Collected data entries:
- - - - -

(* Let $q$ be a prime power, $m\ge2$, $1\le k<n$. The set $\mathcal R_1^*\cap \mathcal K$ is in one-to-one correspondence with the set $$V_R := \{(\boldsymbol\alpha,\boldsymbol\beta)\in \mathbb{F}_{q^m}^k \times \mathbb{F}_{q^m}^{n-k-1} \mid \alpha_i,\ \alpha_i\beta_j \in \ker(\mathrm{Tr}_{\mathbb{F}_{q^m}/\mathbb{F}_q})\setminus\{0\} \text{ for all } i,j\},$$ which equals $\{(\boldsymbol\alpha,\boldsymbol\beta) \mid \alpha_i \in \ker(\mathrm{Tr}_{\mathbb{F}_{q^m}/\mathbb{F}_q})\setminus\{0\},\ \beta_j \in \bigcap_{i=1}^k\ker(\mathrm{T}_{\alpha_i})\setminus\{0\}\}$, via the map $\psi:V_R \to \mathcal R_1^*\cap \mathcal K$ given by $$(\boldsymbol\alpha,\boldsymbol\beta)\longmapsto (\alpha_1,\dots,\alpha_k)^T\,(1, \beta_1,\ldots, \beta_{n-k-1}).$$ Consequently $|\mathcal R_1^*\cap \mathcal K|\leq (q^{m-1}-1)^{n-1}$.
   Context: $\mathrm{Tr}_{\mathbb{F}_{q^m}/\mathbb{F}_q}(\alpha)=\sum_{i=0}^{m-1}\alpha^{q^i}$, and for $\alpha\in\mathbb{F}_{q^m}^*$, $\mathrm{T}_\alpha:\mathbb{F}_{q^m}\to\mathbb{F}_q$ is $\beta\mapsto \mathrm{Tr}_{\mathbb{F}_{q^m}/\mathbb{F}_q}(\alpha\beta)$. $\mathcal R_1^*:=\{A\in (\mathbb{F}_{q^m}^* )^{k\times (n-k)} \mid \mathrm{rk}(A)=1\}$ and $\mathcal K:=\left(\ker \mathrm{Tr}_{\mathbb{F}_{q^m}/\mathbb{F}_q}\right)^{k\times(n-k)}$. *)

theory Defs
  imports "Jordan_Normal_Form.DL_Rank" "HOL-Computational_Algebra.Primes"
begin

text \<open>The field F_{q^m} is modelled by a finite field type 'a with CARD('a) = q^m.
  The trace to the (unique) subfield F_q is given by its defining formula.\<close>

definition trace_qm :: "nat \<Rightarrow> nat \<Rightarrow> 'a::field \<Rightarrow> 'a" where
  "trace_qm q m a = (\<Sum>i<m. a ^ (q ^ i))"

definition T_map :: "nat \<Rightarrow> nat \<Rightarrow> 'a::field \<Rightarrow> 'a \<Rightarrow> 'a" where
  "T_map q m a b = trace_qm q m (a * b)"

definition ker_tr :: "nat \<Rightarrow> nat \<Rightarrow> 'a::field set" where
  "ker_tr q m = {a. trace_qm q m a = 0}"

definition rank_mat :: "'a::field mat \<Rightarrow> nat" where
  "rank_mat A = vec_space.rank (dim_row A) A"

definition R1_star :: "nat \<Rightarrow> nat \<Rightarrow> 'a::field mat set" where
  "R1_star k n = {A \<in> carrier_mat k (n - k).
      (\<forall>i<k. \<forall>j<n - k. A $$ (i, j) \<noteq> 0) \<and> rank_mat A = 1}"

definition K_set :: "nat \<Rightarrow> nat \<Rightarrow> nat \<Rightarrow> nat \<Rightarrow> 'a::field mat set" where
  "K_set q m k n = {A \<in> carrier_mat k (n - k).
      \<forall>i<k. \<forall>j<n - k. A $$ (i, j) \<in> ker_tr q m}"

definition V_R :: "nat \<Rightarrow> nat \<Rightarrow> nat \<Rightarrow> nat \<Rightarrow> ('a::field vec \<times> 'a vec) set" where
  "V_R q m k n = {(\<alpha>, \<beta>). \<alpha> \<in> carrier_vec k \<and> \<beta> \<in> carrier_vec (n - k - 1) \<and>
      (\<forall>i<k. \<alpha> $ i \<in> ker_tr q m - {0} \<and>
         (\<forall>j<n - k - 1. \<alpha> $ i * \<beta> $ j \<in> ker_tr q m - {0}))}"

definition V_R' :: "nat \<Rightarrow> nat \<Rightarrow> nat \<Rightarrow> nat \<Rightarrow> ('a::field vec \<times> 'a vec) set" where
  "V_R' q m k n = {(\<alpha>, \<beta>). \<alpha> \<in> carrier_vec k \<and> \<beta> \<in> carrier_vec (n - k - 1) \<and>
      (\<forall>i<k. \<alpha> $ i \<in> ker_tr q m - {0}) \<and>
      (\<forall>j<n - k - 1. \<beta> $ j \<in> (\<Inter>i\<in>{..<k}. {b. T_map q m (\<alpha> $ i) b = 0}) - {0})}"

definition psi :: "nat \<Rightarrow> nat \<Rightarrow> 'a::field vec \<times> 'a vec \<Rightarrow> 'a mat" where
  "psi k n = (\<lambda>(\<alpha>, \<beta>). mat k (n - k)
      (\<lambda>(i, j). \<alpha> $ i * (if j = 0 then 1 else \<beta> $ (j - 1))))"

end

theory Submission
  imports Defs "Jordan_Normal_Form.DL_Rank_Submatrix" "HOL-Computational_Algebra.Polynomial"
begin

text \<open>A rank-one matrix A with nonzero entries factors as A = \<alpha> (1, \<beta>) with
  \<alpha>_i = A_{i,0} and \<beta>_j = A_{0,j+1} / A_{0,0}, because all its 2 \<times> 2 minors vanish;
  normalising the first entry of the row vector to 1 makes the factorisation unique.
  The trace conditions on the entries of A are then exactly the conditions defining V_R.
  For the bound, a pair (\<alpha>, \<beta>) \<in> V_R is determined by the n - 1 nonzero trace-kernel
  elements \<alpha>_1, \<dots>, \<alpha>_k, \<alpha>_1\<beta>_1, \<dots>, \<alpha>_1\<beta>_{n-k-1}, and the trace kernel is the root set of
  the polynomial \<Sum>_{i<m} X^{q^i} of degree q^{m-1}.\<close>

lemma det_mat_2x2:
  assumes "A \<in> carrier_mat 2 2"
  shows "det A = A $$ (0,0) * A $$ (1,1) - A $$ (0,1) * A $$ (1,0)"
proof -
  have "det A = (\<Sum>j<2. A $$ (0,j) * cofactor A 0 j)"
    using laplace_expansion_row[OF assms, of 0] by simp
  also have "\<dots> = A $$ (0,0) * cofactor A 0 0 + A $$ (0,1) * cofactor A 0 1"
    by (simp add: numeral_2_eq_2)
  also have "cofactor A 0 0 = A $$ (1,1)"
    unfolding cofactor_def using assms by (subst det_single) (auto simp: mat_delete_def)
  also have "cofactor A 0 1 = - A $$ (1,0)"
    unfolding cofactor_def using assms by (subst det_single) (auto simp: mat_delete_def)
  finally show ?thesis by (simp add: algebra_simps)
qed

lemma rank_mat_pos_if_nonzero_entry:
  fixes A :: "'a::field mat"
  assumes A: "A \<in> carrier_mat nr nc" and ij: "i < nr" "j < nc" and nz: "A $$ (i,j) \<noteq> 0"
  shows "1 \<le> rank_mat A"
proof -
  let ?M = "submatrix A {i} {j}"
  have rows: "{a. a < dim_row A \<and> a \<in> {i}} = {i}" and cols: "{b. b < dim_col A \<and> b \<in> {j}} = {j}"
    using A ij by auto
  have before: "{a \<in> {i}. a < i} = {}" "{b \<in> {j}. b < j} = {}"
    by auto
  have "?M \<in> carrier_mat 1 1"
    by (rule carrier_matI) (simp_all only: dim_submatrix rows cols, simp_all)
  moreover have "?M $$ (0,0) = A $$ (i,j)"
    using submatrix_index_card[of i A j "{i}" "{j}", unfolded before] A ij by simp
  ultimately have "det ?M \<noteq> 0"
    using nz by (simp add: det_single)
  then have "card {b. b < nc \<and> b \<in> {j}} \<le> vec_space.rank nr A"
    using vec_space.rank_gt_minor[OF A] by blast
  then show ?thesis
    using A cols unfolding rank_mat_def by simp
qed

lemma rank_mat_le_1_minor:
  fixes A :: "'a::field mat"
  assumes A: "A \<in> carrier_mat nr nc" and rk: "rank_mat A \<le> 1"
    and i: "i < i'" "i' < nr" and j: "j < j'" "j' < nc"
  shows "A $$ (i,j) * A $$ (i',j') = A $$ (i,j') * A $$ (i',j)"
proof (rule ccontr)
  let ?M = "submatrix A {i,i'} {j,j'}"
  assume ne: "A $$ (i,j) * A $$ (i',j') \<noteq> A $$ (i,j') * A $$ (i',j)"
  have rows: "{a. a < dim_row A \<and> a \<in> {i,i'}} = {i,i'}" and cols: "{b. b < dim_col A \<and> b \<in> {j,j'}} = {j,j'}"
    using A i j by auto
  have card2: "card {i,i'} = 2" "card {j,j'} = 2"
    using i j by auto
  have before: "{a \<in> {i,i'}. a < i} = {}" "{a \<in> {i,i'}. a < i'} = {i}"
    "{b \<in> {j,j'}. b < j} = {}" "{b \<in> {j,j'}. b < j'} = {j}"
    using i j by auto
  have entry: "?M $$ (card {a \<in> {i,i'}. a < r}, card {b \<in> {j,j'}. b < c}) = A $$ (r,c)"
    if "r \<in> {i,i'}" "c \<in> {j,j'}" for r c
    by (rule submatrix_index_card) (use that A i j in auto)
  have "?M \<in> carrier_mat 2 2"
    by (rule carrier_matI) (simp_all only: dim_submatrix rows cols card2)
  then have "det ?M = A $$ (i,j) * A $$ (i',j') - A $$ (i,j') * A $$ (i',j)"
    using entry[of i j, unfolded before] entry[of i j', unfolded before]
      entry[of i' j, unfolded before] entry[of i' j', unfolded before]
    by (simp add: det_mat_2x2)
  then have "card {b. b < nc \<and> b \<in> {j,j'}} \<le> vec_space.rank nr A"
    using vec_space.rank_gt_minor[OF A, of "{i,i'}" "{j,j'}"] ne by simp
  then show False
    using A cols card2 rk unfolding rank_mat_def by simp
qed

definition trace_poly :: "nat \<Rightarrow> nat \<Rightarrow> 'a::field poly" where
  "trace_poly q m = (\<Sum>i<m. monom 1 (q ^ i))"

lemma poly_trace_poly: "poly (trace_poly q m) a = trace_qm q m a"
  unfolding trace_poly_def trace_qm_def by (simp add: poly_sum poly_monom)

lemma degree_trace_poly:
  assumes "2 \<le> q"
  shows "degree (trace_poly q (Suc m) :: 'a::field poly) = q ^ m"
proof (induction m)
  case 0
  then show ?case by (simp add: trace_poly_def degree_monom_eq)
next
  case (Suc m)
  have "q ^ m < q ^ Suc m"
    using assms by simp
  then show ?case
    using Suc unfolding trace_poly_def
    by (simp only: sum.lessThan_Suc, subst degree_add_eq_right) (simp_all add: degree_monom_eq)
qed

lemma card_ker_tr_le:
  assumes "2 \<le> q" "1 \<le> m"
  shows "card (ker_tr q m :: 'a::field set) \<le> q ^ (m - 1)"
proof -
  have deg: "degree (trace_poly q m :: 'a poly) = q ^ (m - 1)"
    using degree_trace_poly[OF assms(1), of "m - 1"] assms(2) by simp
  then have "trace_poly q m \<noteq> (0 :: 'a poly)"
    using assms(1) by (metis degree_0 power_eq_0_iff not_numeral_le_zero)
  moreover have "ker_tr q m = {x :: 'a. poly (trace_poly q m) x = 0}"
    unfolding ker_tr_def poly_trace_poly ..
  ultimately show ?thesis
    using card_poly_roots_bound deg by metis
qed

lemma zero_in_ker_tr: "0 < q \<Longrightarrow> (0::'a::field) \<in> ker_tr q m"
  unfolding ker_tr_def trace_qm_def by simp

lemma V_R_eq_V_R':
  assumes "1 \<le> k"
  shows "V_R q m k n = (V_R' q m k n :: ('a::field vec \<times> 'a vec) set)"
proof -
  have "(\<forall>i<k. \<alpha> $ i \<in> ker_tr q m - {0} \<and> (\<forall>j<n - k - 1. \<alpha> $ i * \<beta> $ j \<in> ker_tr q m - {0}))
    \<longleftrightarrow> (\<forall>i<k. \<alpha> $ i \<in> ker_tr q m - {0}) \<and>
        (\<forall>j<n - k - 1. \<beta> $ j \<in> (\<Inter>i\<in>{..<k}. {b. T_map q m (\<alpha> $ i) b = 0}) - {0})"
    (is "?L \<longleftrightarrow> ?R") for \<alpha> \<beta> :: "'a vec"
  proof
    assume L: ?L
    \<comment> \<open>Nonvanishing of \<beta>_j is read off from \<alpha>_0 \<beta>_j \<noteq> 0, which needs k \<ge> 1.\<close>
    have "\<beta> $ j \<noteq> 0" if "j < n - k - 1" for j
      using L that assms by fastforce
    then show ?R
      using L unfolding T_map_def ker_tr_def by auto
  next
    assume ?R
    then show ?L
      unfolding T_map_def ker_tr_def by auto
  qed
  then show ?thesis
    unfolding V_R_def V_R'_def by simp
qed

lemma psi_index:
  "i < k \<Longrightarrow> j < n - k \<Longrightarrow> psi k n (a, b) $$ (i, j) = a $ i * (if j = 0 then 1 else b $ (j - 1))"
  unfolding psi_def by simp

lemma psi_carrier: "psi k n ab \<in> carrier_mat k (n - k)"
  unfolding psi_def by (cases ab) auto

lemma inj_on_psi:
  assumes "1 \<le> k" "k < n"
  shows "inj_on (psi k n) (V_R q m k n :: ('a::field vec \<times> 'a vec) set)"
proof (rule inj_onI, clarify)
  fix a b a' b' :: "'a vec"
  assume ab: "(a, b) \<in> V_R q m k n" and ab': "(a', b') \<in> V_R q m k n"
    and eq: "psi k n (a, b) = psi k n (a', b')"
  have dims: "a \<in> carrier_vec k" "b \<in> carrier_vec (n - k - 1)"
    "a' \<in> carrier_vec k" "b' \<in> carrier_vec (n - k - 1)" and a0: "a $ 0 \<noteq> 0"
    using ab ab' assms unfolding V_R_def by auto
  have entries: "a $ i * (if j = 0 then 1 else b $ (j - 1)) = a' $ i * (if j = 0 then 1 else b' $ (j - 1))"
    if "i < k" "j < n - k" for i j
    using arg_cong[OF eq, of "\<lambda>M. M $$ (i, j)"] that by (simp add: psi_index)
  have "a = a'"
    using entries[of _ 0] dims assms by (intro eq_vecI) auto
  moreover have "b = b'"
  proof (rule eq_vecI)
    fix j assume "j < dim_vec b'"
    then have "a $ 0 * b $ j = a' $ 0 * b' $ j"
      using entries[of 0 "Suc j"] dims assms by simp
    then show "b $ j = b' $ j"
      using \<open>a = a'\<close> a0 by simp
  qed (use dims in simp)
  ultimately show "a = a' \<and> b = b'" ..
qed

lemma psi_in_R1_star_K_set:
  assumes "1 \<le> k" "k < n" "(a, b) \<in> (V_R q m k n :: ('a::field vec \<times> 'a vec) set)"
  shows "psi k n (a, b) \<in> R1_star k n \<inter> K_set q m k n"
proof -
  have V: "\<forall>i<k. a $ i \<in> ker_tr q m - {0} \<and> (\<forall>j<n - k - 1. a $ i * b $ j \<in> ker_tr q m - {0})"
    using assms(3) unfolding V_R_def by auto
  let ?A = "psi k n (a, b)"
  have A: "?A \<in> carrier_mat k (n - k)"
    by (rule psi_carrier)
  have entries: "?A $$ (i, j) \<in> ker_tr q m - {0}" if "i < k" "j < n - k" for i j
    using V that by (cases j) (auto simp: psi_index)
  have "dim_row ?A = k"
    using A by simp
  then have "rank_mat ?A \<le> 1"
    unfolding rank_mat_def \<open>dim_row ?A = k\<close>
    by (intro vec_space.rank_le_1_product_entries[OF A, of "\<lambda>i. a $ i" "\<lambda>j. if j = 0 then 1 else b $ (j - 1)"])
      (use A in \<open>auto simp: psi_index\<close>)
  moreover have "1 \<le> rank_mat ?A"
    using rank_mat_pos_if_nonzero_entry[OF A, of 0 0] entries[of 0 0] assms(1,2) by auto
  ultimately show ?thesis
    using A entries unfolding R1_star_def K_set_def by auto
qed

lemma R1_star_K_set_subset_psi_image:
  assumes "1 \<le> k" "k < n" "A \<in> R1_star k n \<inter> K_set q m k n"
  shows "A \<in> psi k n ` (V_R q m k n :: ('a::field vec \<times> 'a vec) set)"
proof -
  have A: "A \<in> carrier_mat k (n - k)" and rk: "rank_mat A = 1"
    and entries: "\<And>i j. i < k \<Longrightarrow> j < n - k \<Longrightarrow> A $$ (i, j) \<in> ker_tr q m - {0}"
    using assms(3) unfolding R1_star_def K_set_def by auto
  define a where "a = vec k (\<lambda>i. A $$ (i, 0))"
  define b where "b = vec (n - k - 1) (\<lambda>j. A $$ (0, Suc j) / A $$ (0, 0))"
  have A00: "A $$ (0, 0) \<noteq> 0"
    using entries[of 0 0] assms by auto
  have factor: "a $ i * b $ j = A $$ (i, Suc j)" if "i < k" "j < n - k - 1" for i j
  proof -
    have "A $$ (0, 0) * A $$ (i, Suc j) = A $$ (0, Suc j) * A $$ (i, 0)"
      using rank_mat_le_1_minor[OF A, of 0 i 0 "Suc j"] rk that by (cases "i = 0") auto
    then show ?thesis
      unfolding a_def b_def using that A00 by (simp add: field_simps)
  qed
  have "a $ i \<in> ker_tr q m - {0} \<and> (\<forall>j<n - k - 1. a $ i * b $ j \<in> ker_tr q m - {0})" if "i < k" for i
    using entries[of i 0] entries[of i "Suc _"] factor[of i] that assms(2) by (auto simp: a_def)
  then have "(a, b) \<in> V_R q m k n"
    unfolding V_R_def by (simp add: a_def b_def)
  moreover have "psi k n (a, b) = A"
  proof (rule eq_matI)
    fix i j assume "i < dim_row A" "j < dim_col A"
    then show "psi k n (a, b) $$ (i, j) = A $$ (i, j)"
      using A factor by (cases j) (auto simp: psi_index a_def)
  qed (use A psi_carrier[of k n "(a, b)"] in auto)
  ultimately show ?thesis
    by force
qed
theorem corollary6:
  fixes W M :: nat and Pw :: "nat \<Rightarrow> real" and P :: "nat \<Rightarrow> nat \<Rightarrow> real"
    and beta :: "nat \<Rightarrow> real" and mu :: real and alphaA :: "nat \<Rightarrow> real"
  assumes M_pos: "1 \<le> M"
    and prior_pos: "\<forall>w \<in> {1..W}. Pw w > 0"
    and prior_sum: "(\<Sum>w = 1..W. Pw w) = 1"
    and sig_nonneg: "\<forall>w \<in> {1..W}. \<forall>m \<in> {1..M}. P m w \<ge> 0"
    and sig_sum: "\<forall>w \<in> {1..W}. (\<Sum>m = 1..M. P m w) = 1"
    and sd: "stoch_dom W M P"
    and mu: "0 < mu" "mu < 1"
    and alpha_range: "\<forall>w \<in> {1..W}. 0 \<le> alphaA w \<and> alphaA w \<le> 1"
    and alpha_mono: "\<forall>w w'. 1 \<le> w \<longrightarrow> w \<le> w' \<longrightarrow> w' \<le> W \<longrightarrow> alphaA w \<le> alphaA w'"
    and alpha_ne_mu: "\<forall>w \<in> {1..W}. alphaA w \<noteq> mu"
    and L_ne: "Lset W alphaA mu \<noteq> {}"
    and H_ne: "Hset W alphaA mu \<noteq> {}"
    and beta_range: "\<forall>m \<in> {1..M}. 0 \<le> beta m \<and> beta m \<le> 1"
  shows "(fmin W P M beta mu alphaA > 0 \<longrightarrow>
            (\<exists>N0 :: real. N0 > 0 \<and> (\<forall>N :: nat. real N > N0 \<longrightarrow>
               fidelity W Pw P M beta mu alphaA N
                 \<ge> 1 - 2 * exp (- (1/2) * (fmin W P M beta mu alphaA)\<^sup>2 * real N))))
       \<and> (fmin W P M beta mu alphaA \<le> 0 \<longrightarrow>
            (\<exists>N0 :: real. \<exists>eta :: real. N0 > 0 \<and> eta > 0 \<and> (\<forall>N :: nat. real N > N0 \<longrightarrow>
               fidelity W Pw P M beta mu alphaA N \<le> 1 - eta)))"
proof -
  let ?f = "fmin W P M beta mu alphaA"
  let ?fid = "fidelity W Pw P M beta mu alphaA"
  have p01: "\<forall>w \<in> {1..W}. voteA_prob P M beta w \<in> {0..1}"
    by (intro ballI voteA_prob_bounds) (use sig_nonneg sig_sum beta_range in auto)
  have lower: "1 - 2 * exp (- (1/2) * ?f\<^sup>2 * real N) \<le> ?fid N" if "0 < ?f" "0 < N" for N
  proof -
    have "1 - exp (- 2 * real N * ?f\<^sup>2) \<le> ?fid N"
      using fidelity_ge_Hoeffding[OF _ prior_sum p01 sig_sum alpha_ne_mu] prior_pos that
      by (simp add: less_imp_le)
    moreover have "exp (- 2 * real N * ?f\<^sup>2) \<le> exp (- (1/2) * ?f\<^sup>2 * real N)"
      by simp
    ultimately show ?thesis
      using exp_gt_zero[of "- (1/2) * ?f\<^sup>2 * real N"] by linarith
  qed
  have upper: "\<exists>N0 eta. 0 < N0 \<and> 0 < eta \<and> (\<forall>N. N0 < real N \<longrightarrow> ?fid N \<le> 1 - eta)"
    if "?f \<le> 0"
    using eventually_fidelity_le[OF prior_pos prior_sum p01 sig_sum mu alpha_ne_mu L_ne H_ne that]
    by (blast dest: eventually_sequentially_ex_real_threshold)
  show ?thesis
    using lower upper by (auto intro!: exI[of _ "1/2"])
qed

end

- - - - -

BRIEF: Now copy each line of the entries that mentions "shows".

RESPONSE AREA:
  shows "det A = A $$ (0,0) * A $$ (1,1) - A $$ (0,1) * A $$ (1,0)"
  shows "1 \<le> rank_mat A"
  shows "A $$ (i,j) * A $$ (i',j') = A $$ (i,j') * A $$ (i',j)"
  shows "degree (trace_poly q (Suc m) :: 'a::field poly) = q ^ m"
  shows "card (ker_tr q m :: 'a::field set) \<le> q ^ (m - 1)"
  shows "V_R q m k n = (V_R' q m k n :: ('a::field vec \<times> 'a vec) set)"
  shows "inj_on (psi k n) (V_R q m k n :: ('a::field vec \<times> 'a vec) set)"
  shows "psi k n (a, b) \<in> R1_star k n \<inter> K_set q m k n"
  shows "A \<in> psi k n ` (V_R q m k n :: ('a::field vec \<times> 'a vec) set)"
  shows "(fmin W P M beta mu alphaA > 0 \<longrightarrow>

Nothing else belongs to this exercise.